Josep Lluís Viciana i Monfort (born in Terrassa in 1951 July 2) is a Catalan animator.

==Biography==
Josep Viciana is the grandson of José Monfort Gil, who suffered from political repression in the early 1940s, dying from shots on 29 May 1941, a few meters away from the Castelló Cemetery.

In the 1980s, he worked with Antoni D'Ocón as a scriptwriter for his animation studio, then in 1991, Viciana became one of the founders of Neptuno Films, an animation studio based in his birth town of Terrassa (Barcelona metropolitan area) which quickly became important in the Spanish animation industry.
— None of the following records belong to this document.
lemma greene_le_row_sum:
  assumes T: "is_tableau T"
  shows "greene k (reading_word T) \<le> row_sum k T"
proof -
  obtain S c where S: "incr_colouring (reading_word T) k S c" "card S = greene k (reading_word T)"
    by (rule greene_attained)
  define N where "N = length (reading_word T)"
  have S_less: "S \<subseteq> {..<N}" using S(1) by (simp add: incr_colouring_def N_def)
  have rows_short: "\<forall>r\<in>set T. length r \<le> N"
    by (auto simp: N_def reading_word_def length_concat intro: member_le_sum_list)
  have col_less: "reading_col T q < N" if "q \<in> S" for q
  proof -
    have "q < length (reading_word T)" using that S_less by (auto simp: N_def)
    then have "reading_col T q < length (T ! reading_row T q)" "reading_row T q < length T"
      using reading_word_nth_cell[of q T] by auto
    then show ?thesis using rows_short by (meson nth_mem order.strict_trans2)
  qed
  have column_bound: "card {q\<in>S. reading_col T q = j} \<le> min k (column_length T j)" for j
  proof -
    have "inj_on c {q\<in>S. reading_col T q = j}"
    proof (rule inj_onI, rule ccontr)
      fix a b assume ab: "a \<in> {q\<in>S. reading_col T q = j}" "b \<in> {q\<in>S. reading_col T q = j}"
        "c a = c b" "a \<noteq> b"
      have opposite: "reading_word T ! a < reading_word T ! b \<and> reading_word T ! b < reading_word T ! a"
        if "a \<in> S" "b \<in> S" "a < b" "c a = c b" "reading_col T a = reading_col T b" for a b
        using incr_colouringD[OF S(1) that(1-4)] reading_word_column_decreasing[OF T that(3)]
          that S_less by (auto simp: N_def)
      show False
        using ab opposite[of a b] opposite[of b a] by (cases "a < b") auto
    qed
    moreover have "c ` {q\<in>S. reading_col T q = j} \<subseteq> {..<k}"
      using S(1) by (auto simp: incr_colouring_def)
    ultimately have "card {q\<in>S. reading_col T q = j} \<le> k"
      using card_inj_on_le[of c _ "{..<k}"] by auto
    moreover have "card {q\<in>S. reading_col T q = j}
        \<le> card {q. q < length (reading_word T) \<and> reading_col T q = j}"
      using S_less by (intro card_mono) (auto simp: N_def)
    ultimately show ?thesis by (simp add: card_reading_col)
  qed
  have "finite S" using S_less finite_subset by blast
  moreover have "reading_col T ` S \<subseteq> {..<N}" using col_less by auto
  ultimately have "card S = (\<Sum>j<N. card {q\<in>S. reading_col T q = j})"
    using card_eq_sum sum.group[of S "{..<N}" "reading_col T" "\<lambda>_. 1 :: nat"] by auto
  also have "\<dots> \<le> (\<Sum>j<N. min k (column_length T j))" by (intro sum_mono column_bound)
  also have "\<dots> = row_sum k T" by (rule sum_min_column_length[OF T rows_short])
  finally show ?thesis using S(2) by simp
qed

lemma greene_reading_word: "is_tableau T \<Longrightarrow> greene k (reading_word T) = row_sum k T"
  using greene_le_row_sum row_sum_le_greene[OF is_tableau_rows_sorted] le_antisym by blast

section \<open>Conjugate shapes\<close>

definition col_sum :: "nat \<Rightarrow> int list list \<Rightarrow> nat" where
  "col_sum c T = sum_list (map (\<lambda>r. min c (length r)) T)"

lemma sum_list_map_take_drop:
  "sum_list (map f xs) = sum_list (map f (take m xs)) + sum_list (map f (drop m xs))"
  by (metis append_take_drop_id map_append sum_list_append)

lemma col_sum_take_drop:
  "col_sum c T = sum_list (map (\<lambda>r. min c (length r)) (take m T))
                 + sum_list (map (\<lambda>r. min c (length r)) (drop m T))"
  and length_concat_take_drop:
  "length (concat T) = row_sum m T + sum_list (map length (drop m T))"
  by (simp_all add: col_sum_def row_sum_def length_concat flip: sum_list_map_take_drop)

lemma col_sum_add_row_sum_le: "col_sum c T + row_sum m T \<le> m * c + length (concat T)"
proof -
  have "sum_list (map (\<lambda>r. min c (length r)) (take m T)) \<le> sum_list (map (\<lambda>_. c) (take m T))"
    by (rule sum_list_mono) simp
  also have "\<dots> \<le> m * c" by (simp add: sum_list_triv)
  finally have "sum_list (map (\<lambda>r. min c (length r)) (take m T)) \<le> m * c" .
  moreover have "sum_list (map (\<lambda>r. min c (length r)) (drop m T)) \<le> sum_list (map length (drop m T))"
    by (rule sum_list_mono) simp
  ultimately show ?thesis
    using col_sum_take_drop[of c T m] length_concat_take_drop[of T m] by linarith
qed

text \<open>Equality holds for \<open>m\<close> the number of rows of length at least \<open>c\<close>.\<close>

lemma col_sum_add_row_sum_eq:
  assumes "sorted_wrt (\<ge>) (map length T)"
  obtains m where "col_sum c T + row_sum m T = m * c + length (concat T)"
proof
  define P where "P = (\<lambda>r :: int list. c \<le> length r)"
  define m where "m = length (takeWhile P T)"
  have take: "take m T = takeWhile P T" and drop: "drop m T = dropWhile P T"
    by (simp_all add: m_def flip: takeWhile_eq_take dropWhile_eq_drop)
  have short: "\<forall>r\<in>set (dropWhile P T). length r < c"
  proof (cases "dropWhile P T")
    case (Cons r0 rest)
    have "\<not> P r0" using Cons by (metis dropWhile_eq_Cons_conv)
    moreover have "sorted_wrt (\<ge>) (map length (r0 # rest))"
      using assms takeWhile_dropWhile_id[of P T] Cons
      by (metis map_append sorted_wrt_append)
    ultimately show ?thesis using Cons by (auto simp: P_def)
  qed (simp del: dropWhile_eq_Nil_conv)
  have "sum_list (map (\<lambda>r. min c (length r)) (takeWhile P T)) = m * c"
    using set_takeWhileD[of _ P T] by (simp add: P_def m_def sum_list_triv cong: map_cong)
  moreover have "sum_list (map (\<lambda>r. min c (length r)) (dropWhile P T)) = sum_list (map length (dropWhile P T))"
    using short by (simp cong: map_cong)
  ultimately show "col_sum c T + row_sum m T = m * c + length (concat T)"
    using col_sum_take_drop[of c T m] length_concat_take_drop[of T m] take drop by simp
qed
His first standalone series, Balin, a series of 20-second animated shorts with no dialogue, aired in 1992. From Neptuno Films, with Viciana as a director of animated series and also creator, a number of well-known products such as Megaminimals was created, exported to different countries such as the United States, China and Kenya, thanks to interest from broadcasters at MIPCOM in Cannes.

Neptuno Films was classified as the second most prosperous European animation studio according to the CARTOON (European Animation Association) study The Global Animation Business. Additionally, Viciana's production company was elected as one of the ten best animation studios outside of the United States, according to Animation Magazine.

The Ugly Duckling was sold to China Central Television in 1997, becoming one of the first Western animated series introduced in that market. When the Castillan premiere of said series was scheduled for April 1998, Viciana's company sold the rights to sixty countries. On the other hand, Connie the Cow was exported to countries such as the United States and Canada and became one of the most awarded series at the 2000 Cannes Film Festival. Later, he won a Cartoons on the Bay award in 2005 and a Zapping Award in 2006. Detective Bogey won the award of the best Latin American series. By the time Megaminimals was already airing on Catalan television, it already received interest from seven broadcasters in China. He also held a longtime collaboration with Josep Roig Boada as far back as the mid-80s, when he still worked at D'Ocón Films, and after Neptuno Films was dissolved.

In the 2010s, Josep entered into contact with Grup per la Recerca de la Memòria Històrica de Castelló to find the whereabouts of the body of his deceased grandfather. In 2023, he announced his intent to produce a crowdfunded short film, El viatge d'en Lindo, based on Viciana's mother's dog (named Lindo) and his experience in 1936, when the Spanish Civil War began.